- _WHAT YOU ARE ASKED TO DO_: When a line of the entries contains the word "antisym", report that line.
★ ★ ★ ★
lemma syn_class_in_blrq_set:
  assumes "regular L"
  shows "syn_class L x \<in> blrq_set L"
proof -
  define D where "D = range (\<lambda>(u, v). deriv2 u L v)"
  define G where "G = {K \<in> D \<union> uminus ` D. x \<in> K}"
  have "D \<subseteq> blrq_set L"
    unfolding D_def by (auto intro: blrq_set.deriv)
  then have G: "G \<subseteq> blrq_set L"
    unfolding G_def by (auto intro: blrq_set.compl)
  have "finite D"
    using \<open>D \<subseteq> blrq_set L\<close> blrq_set_subset_saturated
      finite_syn_saturated[OF regular_finite_syn_states[OF assms]]
    by (meson finite_subset order_trans)
  then have "finite G"
    unfolding G_def by auto
  have mem_G: "y \<in> \<Inter>G \<longleftrightarrow> (\<forall>u v. u @ y @ v \<in> L \<longleftrightarrow> u @ x @ v \<in> L)" for y
  proof
    assume y: "y \<in> \<Inter>G"
    show "\<forall>u v. u @ y @ v \<in> L \<longleftrightarrow> u @ x @ v \<in> L"
    proof (intro allI)
      fix u v
      have "deriv2 u L v \<in> G \<or> - deriv2 u L v \<in> G"
        unfolding G_def D_def deriv2_def by auto
      then show "u @ y @ v \<in> L \<longleftrightarrow> u @ x @ v \<in> L"
        using y unfolding G_def deriv2_def by auto
    qed
  next
    assume "\<forall>u v. u @ y @ v \<in> L \<longleftrightarrow> u @ x @ v \<in> L"
    then show "y \<in> \<Inter>G"
      unfolding G_def D_def deriv2_def by auto
  qed
  then have "syn_class L x = \<Inter>G"
    by (intro set_eqI) (simp only: mem_G mem_syn_class_iff syn_equiv_def)
  then show ?thesis
    using blrq_set_Inter[OF \<open>finite G\<close> G] by simp
qed

lemma blrq_set_eq_syn_saturated:
  assumes "regular L"
  shows "blrq_set L = syn_saturated L"
proof
  show "syn_saturated L \<subseteq> blrq_set L"
  proof
    fix B assume B: "B \<in> syn_saturated L"
    have "finite (syn_class L ` B)"
      using regular_finite_syn_states[OF assms] unfolding syn_states_def
      by (rule finite_subset[rotated]) blast
    moreover have "syn_class L ` B \<subseteq> blrq_set L"
      using syn_class_in_blrq_set[OF assms] by blast
    ultimately show "B \<in> blrq_set L"
      using syn_saturated_eq_Union_syn_class[OF B] blrq_set_Union by metis
  qed
qed (rule blrq_set_subset_saturated)

lemma At_eq_syn_class:
  assumes "regular L"
  shows "At L x = syn_class L x"
  unfolding At_def
proof (rule the_equality)
  have "B = syn_class L x"
    if "B \<in> syn_saturated L" "B \<subseteq> syn_class L x" "B \<noteq> {}" for B
  proof -
    obtain y where "y \<in> B" using \<open>B \<noteq> {}\<close> by blast
    then have "syn_class L y = syn_class L x"
      using \<open>B \<subseteq> syn_class L x\<close> by (auto simp: syn_class_eq_iff mem_syn_class_iff)
    then show ?thesis
      using syn_class_subset_saturated[OF that(1) \<open>y \<in> B\<close>] that(2) by blast
  qed
  then show "is_atom L (syn_class L x) \<and> x \<in> syn_class L x"
    unfolding is_atom_def blrq_set_eq_syn_saturated[OF assms]
    using syn_class_saturated syn_class_self by blast
next
  fix A assume A: "is_atom L A \<and> x \<in> A"
  then have "syn_class L x \<subseteq> A"
    by (intro syn_class_subset_saturated) (auto simp: is_atom_def blrq_set_eq_syn_saturated[OF assms])
  then show "A = syn_class L x"
    using A syn_class_in_blrq_set[OF assms, of x]
    unfolding is_atom_def using syn_class_self by blast
qed

lemma is_lub_unique:
  assumes "\<And>x y. x \<in> carrier A \<Longrightarrow> y \<in> carrier A \<Longrightarrow> le A x y \<Longrightarrow> le A y x \<Longrightarrow> x = y"
    and "is_lub A S z" and "is_lub A S z'"
  shows "z = z'"
  using assms unfolding is_lub_def by blast

lemma join_presI:
  assumes antisym: "\<And>x y. x \<in> carrier A \<Longrightarrow> y \<in> carrier A \<Longrightarrow> le A x y \<Longrightarrow> le A y x \<Longrightarrow> x = y"
    and lub_A: "\<And>S. S \<subseteq> carrier A \<Longrightarrow> is_lub A S (JA S)"
    and lub_B: "\<And>S. S \<subseteq> carrier B \<Longrightarrow> is_lub B S (JB S)"
    and closed: "\<And>x. x \<in> carrier A \<Longrightarrow> f x \<in> carrier B"
    and hom: "\<And>S. finite S \<Longrightarrow> S \<subseteq> carrier A \<Longrightarrow> f (JA S) = JB (f ` S)"
  shows "join_pres A B f"
  unfolding join_pres_def
proof (intro allI impI, elim conjE)
  fix S z assume S: "finite S" "S \<subseteq> carrier A" and "is_lub A S z"
  then have "z = JA S"
    using is_lub_unique[OF antisym] lub_A by blast
  moreover have "is_lub B (f ` S) (JB (f ` S))"
    using S(2) closed by (intro lub_B) blast
  ultimately show "is_lub B (f ` S) (f z)"
    using hom[OF S] by simp
qed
★ ★ ★ ★
- _EXPECTED ANSWER_:
  assumes antisym: "\<And>x y. x \<in> carrier A \<Longrightarrow> y \<in> carrier A \<Longrightarrow> le A x y \<Longrightarrow> le A y x \<Longrightarrow> x = y"
    using is_lub_unique[OF antisym] lub_A by blast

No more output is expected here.